** DATA FOR THIS TASK follows **

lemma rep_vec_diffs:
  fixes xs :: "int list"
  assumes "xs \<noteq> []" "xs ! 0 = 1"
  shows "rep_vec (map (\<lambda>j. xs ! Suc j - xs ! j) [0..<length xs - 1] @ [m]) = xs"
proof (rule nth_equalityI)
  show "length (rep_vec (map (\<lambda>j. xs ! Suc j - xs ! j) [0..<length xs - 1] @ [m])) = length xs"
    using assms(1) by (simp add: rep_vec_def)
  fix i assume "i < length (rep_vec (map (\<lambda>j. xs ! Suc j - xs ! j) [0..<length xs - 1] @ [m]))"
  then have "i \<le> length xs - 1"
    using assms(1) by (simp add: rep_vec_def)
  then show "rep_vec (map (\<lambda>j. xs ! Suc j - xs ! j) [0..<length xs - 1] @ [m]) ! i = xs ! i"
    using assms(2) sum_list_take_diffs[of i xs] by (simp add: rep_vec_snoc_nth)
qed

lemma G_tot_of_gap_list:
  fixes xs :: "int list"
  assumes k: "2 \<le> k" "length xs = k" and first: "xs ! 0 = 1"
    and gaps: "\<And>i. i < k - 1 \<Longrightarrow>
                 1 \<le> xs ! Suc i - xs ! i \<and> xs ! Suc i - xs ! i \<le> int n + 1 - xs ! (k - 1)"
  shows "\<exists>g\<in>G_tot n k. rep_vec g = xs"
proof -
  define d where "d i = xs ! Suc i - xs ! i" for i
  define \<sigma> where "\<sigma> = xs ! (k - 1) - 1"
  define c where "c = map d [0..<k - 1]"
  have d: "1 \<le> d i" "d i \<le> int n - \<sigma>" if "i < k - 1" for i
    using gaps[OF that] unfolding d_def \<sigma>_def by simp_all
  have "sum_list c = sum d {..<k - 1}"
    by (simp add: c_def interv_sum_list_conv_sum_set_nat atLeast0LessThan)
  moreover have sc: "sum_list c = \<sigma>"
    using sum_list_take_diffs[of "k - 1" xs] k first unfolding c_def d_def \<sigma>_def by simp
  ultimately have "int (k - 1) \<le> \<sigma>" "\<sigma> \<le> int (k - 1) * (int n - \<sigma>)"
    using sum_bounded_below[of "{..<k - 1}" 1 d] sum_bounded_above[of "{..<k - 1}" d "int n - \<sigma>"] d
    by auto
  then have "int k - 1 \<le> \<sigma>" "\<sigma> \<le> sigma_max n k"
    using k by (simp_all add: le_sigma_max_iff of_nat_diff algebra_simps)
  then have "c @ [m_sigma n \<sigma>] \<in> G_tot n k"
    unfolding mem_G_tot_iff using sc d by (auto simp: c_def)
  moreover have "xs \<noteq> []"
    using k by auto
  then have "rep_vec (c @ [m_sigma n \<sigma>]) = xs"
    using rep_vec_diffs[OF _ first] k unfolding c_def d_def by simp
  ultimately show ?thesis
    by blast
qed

** End of DATA FOR THIS TASK **

> PROBLEM
The full listing above needs to be retyped exactly.

> RESPONSE AREA
lemma rep_vec_diffs:
  fixes xs :: "int list"
  assumes "xs \<noteq> []" "xs ! 0 = 1"
  shows "rep_vec (map (\<lambda>j. xs ! Suc j - xs ! j) [0..<length xs - 1] @ [m]) = xs"
proof (rule nth_equalityI)
  show "length (rep_vec (map (\<lambda>j. xs ! Suc j - xs ! j) [0..<length xs - 1] @ [m])) = length xs"
    using assms(1) by (simp add: rep_vec_def)
  fix i assume "i < length (rep_vec (map (\<lambda>j. xs ! Suc j - xs ! j) [0..<length xs - 1] @ [m]))"
  then have "i \<le> length xs - 1"
    using assms(1) by (simp add: rep_vec_def)
  then show "rep_vec (map (\<lambda>j. xs ! Suc j - xs ! j) [0..<length xs - 1] @ [m]) ! i = xs ! i"
    using assms(2) sum_list_take_diffs[of i xs] by (simp add: rep_vec_snoc_nth)
qed

lemma G_tot_of_gap_list:
  fixes xs :: "int list"
  assumes k: "2 \<le> k" "length xs = k" and first: "xs ! 0 = 1"
    and gaps: "\<And>i. i < k - 1 \<Longrightarrow>
                 1 \<le> xs ! Suc i - xs ! i \<and> xs ! Suc i - xs ! i \<le> int n + 1 - xs ! (k - 1)"
  shows "\<exists>g\<in>G_tot n k. rep_vec g = xs"
proof -
  define d where "d i = xs ! Suc i - xs ! i" for i
  define \<sigma> where "\<sigma> = xs ! (k - 1) - 1"
  define c where "c = map d [0..<k - 1]"
  have d: "1 \<le> d i" "d i \<le> int n - \<sigma>" if "i < k - 1" for i
    using gaps[OF that] unfolding d_def \<sigma>_def by simp_all
  have "sum_list c = sum d {..<k - 1}"
    by (simp add: c_def interv_sum_list_conv_sum_set_nat atLeast0LessThan)
  moreover have sc: "sum_list c = \<sigma>"
    using sum_list_take_diffs[of "k - 1" xs] k first unfolding c_def d_def \<sigma>_def by simp
  ultimately have "int (k - 1) \<le> \<sigma>" "\<sigma> \<le> int (k - 1) * (int n - \<sigma>)"
    using sum_bounded_below[of "{..<k - 1}" 1 d] sum_bounded_above[of "{..<k - 1}" d "int n - \<sigma>"] d
    by auto
  then have "int k - 1 \<le> \<sigma>" "\<sigma> \<le> sigma_max n k"
    using k by (simp_all add: le_sigma_max_iff of_nat_diff algebra_simps)
  then have "c @ [m_sigma n \<sigma>] \<in> G_tot n k"
    unfolding mem_G_tot_iff using sc d by (auto simp: c_def)
  moreover have "xs \<noteq> []"
    using k by auto
  then have "rep_vec (c @ [m_sigma n \<sigma>]) = xs"
    using rep_vec_diffs[OF _ first] k unfolding c_def d_def by simp
  ultimately show ?thesis
    by blast
qed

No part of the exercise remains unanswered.